- [Try it]:
Given the listing below, write out exactly the lines starting with the line that has "section \<open>Families with" and going on through the line that has "real \<Rightarrow> (real", both kept.

- [Records for the exercise]:
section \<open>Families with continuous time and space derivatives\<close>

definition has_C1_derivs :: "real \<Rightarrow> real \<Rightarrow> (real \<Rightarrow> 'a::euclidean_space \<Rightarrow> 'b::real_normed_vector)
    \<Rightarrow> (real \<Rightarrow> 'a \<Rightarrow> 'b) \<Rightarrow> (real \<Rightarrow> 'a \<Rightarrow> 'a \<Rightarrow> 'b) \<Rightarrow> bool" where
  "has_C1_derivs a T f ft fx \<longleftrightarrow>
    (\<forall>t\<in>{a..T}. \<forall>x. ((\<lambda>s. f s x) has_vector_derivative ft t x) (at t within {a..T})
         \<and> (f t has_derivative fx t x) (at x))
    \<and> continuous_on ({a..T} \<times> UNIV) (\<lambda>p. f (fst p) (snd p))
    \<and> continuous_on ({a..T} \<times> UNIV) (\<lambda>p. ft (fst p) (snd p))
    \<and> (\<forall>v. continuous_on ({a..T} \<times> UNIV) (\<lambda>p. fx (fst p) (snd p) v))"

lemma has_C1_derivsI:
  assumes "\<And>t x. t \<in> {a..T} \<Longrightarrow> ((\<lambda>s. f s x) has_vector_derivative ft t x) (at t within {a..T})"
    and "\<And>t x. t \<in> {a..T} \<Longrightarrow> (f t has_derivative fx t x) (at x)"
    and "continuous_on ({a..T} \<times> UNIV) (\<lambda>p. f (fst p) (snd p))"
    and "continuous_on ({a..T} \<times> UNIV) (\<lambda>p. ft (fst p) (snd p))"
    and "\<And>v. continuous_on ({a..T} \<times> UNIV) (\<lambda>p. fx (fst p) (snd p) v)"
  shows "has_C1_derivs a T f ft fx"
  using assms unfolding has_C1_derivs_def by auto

---

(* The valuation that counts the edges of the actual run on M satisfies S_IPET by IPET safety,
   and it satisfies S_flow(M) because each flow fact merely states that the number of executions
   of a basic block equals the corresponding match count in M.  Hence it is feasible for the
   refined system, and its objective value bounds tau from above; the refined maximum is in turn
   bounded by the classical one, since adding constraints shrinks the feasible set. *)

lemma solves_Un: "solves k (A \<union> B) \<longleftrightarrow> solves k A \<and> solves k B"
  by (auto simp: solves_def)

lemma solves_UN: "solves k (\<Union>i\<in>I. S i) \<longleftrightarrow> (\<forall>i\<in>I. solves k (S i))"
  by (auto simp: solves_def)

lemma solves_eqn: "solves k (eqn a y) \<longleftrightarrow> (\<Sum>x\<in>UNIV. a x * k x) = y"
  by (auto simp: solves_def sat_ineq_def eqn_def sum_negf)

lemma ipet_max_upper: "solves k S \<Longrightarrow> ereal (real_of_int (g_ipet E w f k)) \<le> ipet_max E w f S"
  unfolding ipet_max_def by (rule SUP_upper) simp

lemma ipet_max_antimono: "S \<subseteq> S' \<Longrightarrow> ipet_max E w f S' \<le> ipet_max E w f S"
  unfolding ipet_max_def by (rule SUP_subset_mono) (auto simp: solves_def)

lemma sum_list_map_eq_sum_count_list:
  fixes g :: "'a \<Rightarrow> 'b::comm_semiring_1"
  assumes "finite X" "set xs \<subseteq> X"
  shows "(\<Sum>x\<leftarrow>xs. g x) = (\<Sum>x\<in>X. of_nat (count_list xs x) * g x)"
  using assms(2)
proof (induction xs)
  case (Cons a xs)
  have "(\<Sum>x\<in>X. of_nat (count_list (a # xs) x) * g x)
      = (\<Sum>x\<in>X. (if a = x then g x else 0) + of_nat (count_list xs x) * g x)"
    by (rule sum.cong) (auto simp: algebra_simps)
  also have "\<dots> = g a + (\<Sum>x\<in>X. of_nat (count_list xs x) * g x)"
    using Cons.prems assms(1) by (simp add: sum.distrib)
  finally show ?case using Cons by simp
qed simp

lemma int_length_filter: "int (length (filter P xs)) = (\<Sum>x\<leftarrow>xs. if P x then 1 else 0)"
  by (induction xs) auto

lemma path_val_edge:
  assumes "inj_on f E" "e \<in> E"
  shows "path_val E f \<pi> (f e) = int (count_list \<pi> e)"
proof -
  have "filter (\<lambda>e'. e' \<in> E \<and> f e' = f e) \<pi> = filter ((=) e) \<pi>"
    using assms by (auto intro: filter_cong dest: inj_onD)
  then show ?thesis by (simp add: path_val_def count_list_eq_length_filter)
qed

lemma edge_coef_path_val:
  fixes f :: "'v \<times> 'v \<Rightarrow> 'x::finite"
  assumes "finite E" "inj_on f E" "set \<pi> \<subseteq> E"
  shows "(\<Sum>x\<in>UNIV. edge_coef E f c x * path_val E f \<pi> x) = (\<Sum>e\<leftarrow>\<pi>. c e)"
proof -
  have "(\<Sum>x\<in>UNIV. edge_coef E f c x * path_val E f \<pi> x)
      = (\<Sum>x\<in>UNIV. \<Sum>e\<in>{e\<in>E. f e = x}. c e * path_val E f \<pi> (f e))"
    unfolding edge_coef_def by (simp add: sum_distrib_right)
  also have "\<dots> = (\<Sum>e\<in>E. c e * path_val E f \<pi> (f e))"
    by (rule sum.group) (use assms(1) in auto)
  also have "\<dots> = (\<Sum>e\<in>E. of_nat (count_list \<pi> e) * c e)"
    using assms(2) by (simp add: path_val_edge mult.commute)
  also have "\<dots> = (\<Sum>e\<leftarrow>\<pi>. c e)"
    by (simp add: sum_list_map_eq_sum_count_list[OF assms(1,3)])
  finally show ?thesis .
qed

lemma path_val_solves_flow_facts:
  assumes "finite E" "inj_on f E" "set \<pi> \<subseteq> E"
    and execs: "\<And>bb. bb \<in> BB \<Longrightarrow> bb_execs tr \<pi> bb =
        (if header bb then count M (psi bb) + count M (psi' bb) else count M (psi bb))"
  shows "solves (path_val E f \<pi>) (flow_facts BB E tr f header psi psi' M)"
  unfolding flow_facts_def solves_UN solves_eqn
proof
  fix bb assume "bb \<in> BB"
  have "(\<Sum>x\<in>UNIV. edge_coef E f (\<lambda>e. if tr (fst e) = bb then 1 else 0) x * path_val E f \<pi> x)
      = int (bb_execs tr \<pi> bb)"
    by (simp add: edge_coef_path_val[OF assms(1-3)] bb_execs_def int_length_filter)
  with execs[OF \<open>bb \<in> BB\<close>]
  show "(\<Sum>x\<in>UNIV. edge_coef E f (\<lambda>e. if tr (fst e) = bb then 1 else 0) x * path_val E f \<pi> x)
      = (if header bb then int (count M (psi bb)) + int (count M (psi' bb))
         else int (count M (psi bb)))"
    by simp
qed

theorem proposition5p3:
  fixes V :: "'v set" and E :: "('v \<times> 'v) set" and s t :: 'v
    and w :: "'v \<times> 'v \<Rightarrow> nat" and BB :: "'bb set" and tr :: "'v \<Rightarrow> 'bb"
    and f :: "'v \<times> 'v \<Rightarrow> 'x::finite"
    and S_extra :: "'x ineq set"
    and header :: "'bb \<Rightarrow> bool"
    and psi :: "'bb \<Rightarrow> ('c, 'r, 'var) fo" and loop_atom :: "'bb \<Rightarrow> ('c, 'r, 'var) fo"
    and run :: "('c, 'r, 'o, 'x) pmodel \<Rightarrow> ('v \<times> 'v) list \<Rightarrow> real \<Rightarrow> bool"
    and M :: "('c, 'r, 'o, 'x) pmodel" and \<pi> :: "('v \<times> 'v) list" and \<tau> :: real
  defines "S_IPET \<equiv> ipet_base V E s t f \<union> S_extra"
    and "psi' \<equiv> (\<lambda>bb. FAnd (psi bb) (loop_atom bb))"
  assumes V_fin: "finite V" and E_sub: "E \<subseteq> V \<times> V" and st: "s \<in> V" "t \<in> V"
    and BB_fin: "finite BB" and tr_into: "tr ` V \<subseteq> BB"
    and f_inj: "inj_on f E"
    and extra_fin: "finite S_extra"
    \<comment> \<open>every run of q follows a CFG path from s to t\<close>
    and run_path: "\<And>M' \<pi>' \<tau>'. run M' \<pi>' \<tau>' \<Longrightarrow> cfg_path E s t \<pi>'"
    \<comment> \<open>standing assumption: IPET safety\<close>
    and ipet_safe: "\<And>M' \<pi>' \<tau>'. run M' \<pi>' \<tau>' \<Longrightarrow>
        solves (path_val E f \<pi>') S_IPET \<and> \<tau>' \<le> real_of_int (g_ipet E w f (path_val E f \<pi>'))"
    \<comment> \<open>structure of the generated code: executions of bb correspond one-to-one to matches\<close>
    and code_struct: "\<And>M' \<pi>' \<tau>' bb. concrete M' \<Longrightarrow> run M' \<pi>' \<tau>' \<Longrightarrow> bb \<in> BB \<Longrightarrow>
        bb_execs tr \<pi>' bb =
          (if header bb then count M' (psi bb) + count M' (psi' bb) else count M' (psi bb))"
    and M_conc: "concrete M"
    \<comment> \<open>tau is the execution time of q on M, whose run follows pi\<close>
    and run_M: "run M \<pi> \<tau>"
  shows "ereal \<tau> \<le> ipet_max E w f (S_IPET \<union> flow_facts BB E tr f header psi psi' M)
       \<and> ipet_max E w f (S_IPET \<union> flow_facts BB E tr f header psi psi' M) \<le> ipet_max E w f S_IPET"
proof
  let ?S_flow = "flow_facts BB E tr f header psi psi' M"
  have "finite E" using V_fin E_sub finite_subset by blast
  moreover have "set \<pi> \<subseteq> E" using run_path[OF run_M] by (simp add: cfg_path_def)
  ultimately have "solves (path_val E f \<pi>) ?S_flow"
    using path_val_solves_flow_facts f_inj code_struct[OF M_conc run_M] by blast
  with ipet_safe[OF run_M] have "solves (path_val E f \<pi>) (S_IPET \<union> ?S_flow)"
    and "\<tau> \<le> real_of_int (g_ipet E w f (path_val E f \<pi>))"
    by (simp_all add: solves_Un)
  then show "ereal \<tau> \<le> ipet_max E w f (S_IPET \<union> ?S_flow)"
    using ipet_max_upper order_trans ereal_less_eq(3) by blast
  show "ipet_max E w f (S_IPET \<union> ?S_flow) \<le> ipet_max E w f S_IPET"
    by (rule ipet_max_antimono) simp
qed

- [Completed exercise]:
section \<open>Families with continuous time and space derivatives\<close>

definition has_C1_derivs :: "real \<Rightarrow> real \<Rightarrow> (real \<Rightarrow> 'a::euclidean_space \<Rightarrow> 'b::real_normed_vector)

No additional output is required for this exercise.